- Music: Edmond Samuels
- Lyrics: Edmond Samuels
- Book: Edmond Samuels
- Productions: 1936 London 1950 Melbourne

= The Highwayman (musical) =

Australian musical comedy

The Highwayman is an Australian musical comedy with book, music and lyrics by Edmond Samuels. Set in Bendigo during the Gold Rush in the 1860s, the story concerns the love of an innkeeper's daughter for a highwayman.

==At the Silver Swan==
Samuels wrote the play back in 1933.

He travelled to England in 1935 to oversee a production of it in London. The work was retitled At the Silver Swan and debuted in Glasgow in 1936.

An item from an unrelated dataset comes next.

(* Let $V$ be a Lévy measure. Set $\mathcal{A}_{sym}=\emptyset$ if $V$ is symmetric and $\mathcal{A}_{sym}=\{1\}$ otherwise. Let $0<p\le q\le2$, $\mathcal{A}=\{p,q\}\cup\mathcal{A}_{sym}$, $p_{\min}=\min\mathcal{A}$, $p_{\max}=\max\mathcal{A}$, and assume $V\in\mathscr{M}(p_{\min},p_{\max})$. Define $g(\omega)=\int_{\mathbb{R}\setminus\{0\}}\left(\mathrm{e}^{\mathrm{j}\omega a}-1-\mathrm{j}\omega a\mathbb{1}_{|a|<1}\right)V(\mathrm{d}a)$. Then there exist constants $\kappa_1,\kappa_2\ge0$ such that for all $(\omega_1,\omega_2)\in\mathbb{R}^2$, $$|g(\omega_2)-g(\omega_1)|\le\kappa_1h_{p_{\min}}(\omega_1,\omega_2)+\kappa_2h_{p_{\max}}(\omega_1,\omega_2),$$ where $h_r(x,y)=\sqrt{(|x|^r+|y|^r)|x-y|^r}$.
   Context: A Lévy measure is a Radon measure $V$ on $\mathbb{R}\setminus\{0\}$ with $\int\min(1,a^2)V(\mathrm{d}a)<\infty$; it is symmetric if $V(B)=V(-B)$ for all Borel $B$. $\mathscr{M}(p,q)$ is the set of Radon measures $V$ on $\mathbb{R}\setminus\{0\}$ with $\int_{0<|a|<1}|a|^qV(\mathrm{d}a)<\infty$ and $\int_{|a|\ge1}|a|^pV(\mathrm{d}a)<\infty$. $\mathrm{j}=\sqrt{-1}$. *)

theory Defs
  imports "HOL-Analysis.Analysis"
begin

The book and lyrics were rewritten in England by Guy Bolton and Clifford Gret.

The musical was the first musical comedy with an Australian setting to debut in London.

Smith's Weekly thought the music dated the show. Other reviews were mixed.

The musical was not considered a notable success. However it did run for three months.

"Its Australian theme was unrecognisable by the time producers had finished with it," said Samuels. "They said Aus-tralia wouldn't interest London theatregoers."

==Australian production==
Samuels tried to get the play produced in Australia and ended up financing it himself.

The Highwayman premiered at the King's Theatre in Melbourne in November 1950. The Age praised its "originality, snap and gusto." The Bulletin said it was "all very bight and catchy." ABC Weekly said "Samuels until a year or so ago was a very successful Sydney chemist but if he had mixed his drugs as recklessly as he mixes his periods in The Highwayman his customers would have been in a serious plight." The show ran for over a hundred performances.

It played a Sydney season at the Palace Theatre from March 1951. The Sydney Morning Herald said "in many ways the show is imitative and (a lesser fault) old-fashioned in style. It lacks the bold strokes of original invention and new discovery that
distinguish great showmanship from ephemeral competence in show making."

An album of songs from the musical was released in 1964.

==Premise==
Mary Brown is an innkeeper's daughter at Eaglehaw. Mervyn Smith is a bushranger.

Jim Steel is a guards officer.

==TV adaptation==
Songs featured in the 1965 TV special Lola and the Highwayman.

==Radio adaptation==
The musical was also adapted for radio in 1951 and 1954. Reviewing the latter, the Daily Telegraph said "when Mr. S. uses words, either in
dialogue or lyrics, I find the result extremely depressing."

In 1956, the ABC would broadcast Samuels' musical Song of the Snowy.